UKCRC Statisticians Meeting Feedback

Details: 

Members from OCTRU attended this biannual event on the 22 April hosted by the Pragmatic Clinical Trials Unit (PCTU) in London.

The PCTU have carried out complex intervention trials with complex designs including early feasibility and pilot studies leading to more valuable trial designs. One key highlight was the mention of the “simsam” sample size add-on to STATA which can be used to create sample size for complex designs using simulation, developed by Richard Hooper at QMUL: http://webspace.qmul.ac.uk/rlhooper/simsam/.

Further points to note from the day were:

SAP guideline and checklist.
Discussion was undertaken of the minimum set of items to be included in the Statistical Analysis Plan checklist and guideline to finalise the wording around the items developed following 2 Delphi surveys and a consensus meeting. The final version of the checklist and Explanation and Elaboration document are currently being drafted and should be published later this year.
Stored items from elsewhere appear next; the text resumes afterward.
lemma leaf_paths_two_tree:
  assumes "x \<in> VT N" "leaf_paths N x = 2"
  obtains a b where "a \<noteq> b" "children N x = {a, b}" "leaf_paths N a = 1" "leaf_paths N b = 1" "is_tree_node N x"
    "mu_ret N x = mu_ret N a + mu_ret N b"
    "\<And>y. y \<noteq> x \<Longrightarrow> npaths N x y = npaths N a y + npaths N b y"
proof -
  have xV: "x \<in> nodes N" using assms(1) unfolding VT_def by simp
  have t: "is_tree_node N x" using assms leaf_paths_leaf unfolding VT_def by auto
  obtain a b where ab: "a \<noteq> b" "children N x = {a, b}" using treeD(1)[OF t] by blast
  have nl: "\<not> is_leaf N x" "\<not> is_reticulation N x" using t
    unfolding is_tree_node_def is_leaf_def is_reticulation_def by auto
  have "a \<in> nodes N" "b \<in> nodes N" using ab children_subset by auto
  hence ge: "leaf_paths N a \<ge> 1" "leaf_paths N b \<ge> 1" using leaf_paths_pos by auto
  have "leaf_paths N x = leaf_paths N a + leaf_paths N b" using leaf_paths_rec[OF xV] nl ab by simp
  hence "leaf_paths N a = 1" "leaf_paths N b = 1" using ge assms(2) by auto
  moreover have "mu_ret N x = mu_ret N a + mu_ret N b" using mu_ret_rec[OF xV] nl ab by simp
  moreover have "\<And>y. y \<noteq> x \<Longrightarrow> npaths N x y = npaths N a y + npaths N b y"
    using npaths_rec[OF xV] ab by simp
  ultimately show ?thesis using that ab t by blast
qed

lemma mu_leaf_one_cases:
  assumes d: "is_leaf N d" and b: "is_leaf N b"
    and split: "\<And>y. is_leaf N y \<Longrightarrow> npaths N x y = npaths N d y + npaths N b y"
    and one: "mu_leaf N x k = 1"
  shows "k \<in> labels N \<and> leaf_node N k \<in> {d, b}"
proof -
  have k: "k \<in> labels N" using one mu_leaf_nonzero_label[of x k] by simp
  have "npaths N d (leaf_node N k) + npaths N b (leaf_node N k) = 1"
    using one split[OF is_leaf_leaf_node[OF k]] mu_leaf_npaths[OF k] by simp
  thus ?thesis using k npaths_from_leaf[OF d] npaths_from_leaf[OF b] by (auto split: if_splits)
qed
(* Suppose that $k \mid n$, and that $J$ is a $k$-system on $n$ vertices with $$\delta(J) \geq \left(n, (k-1)n/k, (k-2)n/k, \dots, n/k \right).$$ Then $J_k$ admits a fractional perfect matching.
   Context: A $k$-system is a hypergraph $J$ (identified with its edge set) with every edge of size at most $k$ and $\emptyset\in J$; $J_r$ is the $r$-graph of edges of size $r$. The degree $d(e)$ of an edge $e$ is the number of edges of size $|e|+1$ containing $e$; $\delta_r(J)$ is the minimum of $d(e)$ over edges of size $r$; $\delta(J)=(\delta_0(J),\dots,\delta_{k-1}(J))$, compared pointwise. A fractional perfect matching in a hypergraph $H$ is an assignment of weights $w_e\ge 0$ to the edges of $H$ such that for every vertex $v$, $\sum_{e\ni v} w_e=1$. *)

theory Defs
  imports "HOL-Analysis.Analysis"
begin

definition k_system :: "'a set \<Rightarrow> nat \<Rightarrow> 'a set set \<Rightarrow> bool" where
  "k_system V k J \<longleftrightarrow> (\<forall>e\<in>J. e \<subseteq> V \<and> card e \<le> k) \<and> {} \<in> J"

definition layer :: "'a set set \<Rightarrow> nat \<Rightarrow> 'a set set" where
  "layer J r = {e \<in> J. card e = r}"

definition sys_deg :: "'a set set \<Rightarrow> 'a set \<Rightarrow> nat" where
  "sys_deg J e = card {f \<in> J. card f = card e + 1 \<and> e \<subseteq> f}"

text \<open>Minimum r-degree; taken as a lower-bound condition (min over edges of size r).\<close>
definition min_deg_ge :: "'a set set \<Rightarrow> nat \<Rightarrow> real \<Rightarrow> bool" where
  "min_deg_ge J r d \<longleftrightarrow> (\<forall>e\<in>layer J r. real (sys_deg J e) \<ge> d)"

definition fractional_perfect_matching :: "'a set \<Rightarrow> 'a set set \<Rightarrow> ('a set \<Rightarrow> real) \<Rightarrow> bool" where
  "fractional_perfect_matching V H w \<longleftrightarrow>
     (\<forall>e\<in>H. w e \<ge> 0) \<and> (\<forall>v\<in>V. (\<Sum>e\<in>{e\<in>H. v \<in> e}. w e) = 1)"

end

theory Submission
  imports Defs
begin

text \<open>Write \<open>n = kq\<close>. For any weighting \<open>y\<close> of the vertices, list them in increasing
  order of \<open>y\<close> and build a \<open>k\<close>-edge greedily from \<open>\<emptyset>\<close>: the degree condition lets the
  \<open>(r+1)\<close>-st vertex be chosen among the last \<open>(k-r)q\<close> positions of the list, i.e. no heavier
  than the vertex at position \<open>rq\<close>. Hence some edge \<open>e\<close> satisfies \<open>q\<cdot>y(e) \<le> y(V)\<close>.
  This is the dual (Farkas) condition for a fractional perfect matching, which we establish
  variationally: minimise \<open>\<Sum>\<^sub>v (1 - q \<Sum>\<^sub>e\<^sub>\<ni>\<^sub>v w\<^sub>e)\<^sup>2\<close> over probability weightings \<open>w\<close> of
  the edges. If the defects \<open>a\<^sub>v\<close> at the minimum do not all vanish, moving \<open>w\<close> towards
  any single edge \<open>e\<close> shows \<open>q\<cdot>a(e) \<le> a(V) - \<Sum>\<^sub>v a\<^sub>v\<^sup>2 < a(V)\<close>, contradicting the greedy
  bound for \<open>y = -a\<close>.\<close>

lemma exists_le_nth_if_card_ge:
  fixes L :: "'a list" and y :: "'a \<Rightarrow> real"
  assumes sorted: "sorted (map y L)" and m: "m < length L"
    and S: "S \<subseteq> set L" and card_S: "length L - m \<le> card S"
  shows "\<exists>v\<in>S. y v \<le> y (L ! m)"
proof (rule ccontr)
  assume none: "\<not> ?thesis"
  have "S \<subseteq> (!) L ` {m+1..<length L}"
  proof
    fix v assume v: "v \<in> S"
    then obtain i where i: "i < length L" "v = L ! i"
      using S by (metis in_set_conv_nth subsetD)
    have "\<not> i \<le> m"
    proof
      assume "i \<le> m"
      then have "y v \<le> y (L ! m)"
        using sorted_nth_mono[OF sorted, of i m] i m by simp
      with none v show False by auto
    qed
    with i show "v \<in> (!) L ` {m+1..<length L}" by auto
  qed
  then have "card S \<le> card ((!) L ` {m+1..<length L})" by (intro card_mono) auto
  also have "\<dots> \<le> card {m+1..<length L}" by (rule card_image_le) simp
  finally show False using card_S m by simp
qed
Validation of Statistical Packages – the experience from the Glasgow Clinical Trials Unit and how IT can support statisticians.
Statistical Programming Validation including version control of statistical programming using a freely downloadable package called SUBVERSION, together with a user interface called TORTOISE. This allows all previous versions to be stored with those actually used for reports to be tagged and unchangeable. The Statistics team are exploring the possibilities of this and will feedback their experiences.

Re-randomisation designs - where participants can be randomised into a study more than once.
This could potentially be useful in diseases where there are multiple episodes but it is difficult to recruit, with the potential to shorten the length of trials and therefore save on costs. The sample size in this case would relate to the number of observations rather than the number of participants. This method would only provide unbiased estimates of the treatment effect and correct type-I errors under certain conditions: patients are only eligible for re-randomisation when the follow-up period from the previous randomisation is complete; randomisation for the same patient is performed independently and the treatment effect is constant across randomisations. Analysis, either ‘Unadjusted’ (ignoring patient) or ‘adjusted’ (including patient) is likely to have at least the equivalent power to the standard two-arm parallel group trial under certain conditions, such as no systematic differences between patients who are re-randomised vs those who are not, and no systematic difference between randomisation periods). Research in this area is ongoing, with the first publication likely to be in print soon: Kahan BC, Forbes AF, Dore CJ, Morris TP. A re-randomisation design for clinical trials.

OCTRU will continue to attend these meetings and keep to up to date on the issues highlighted above.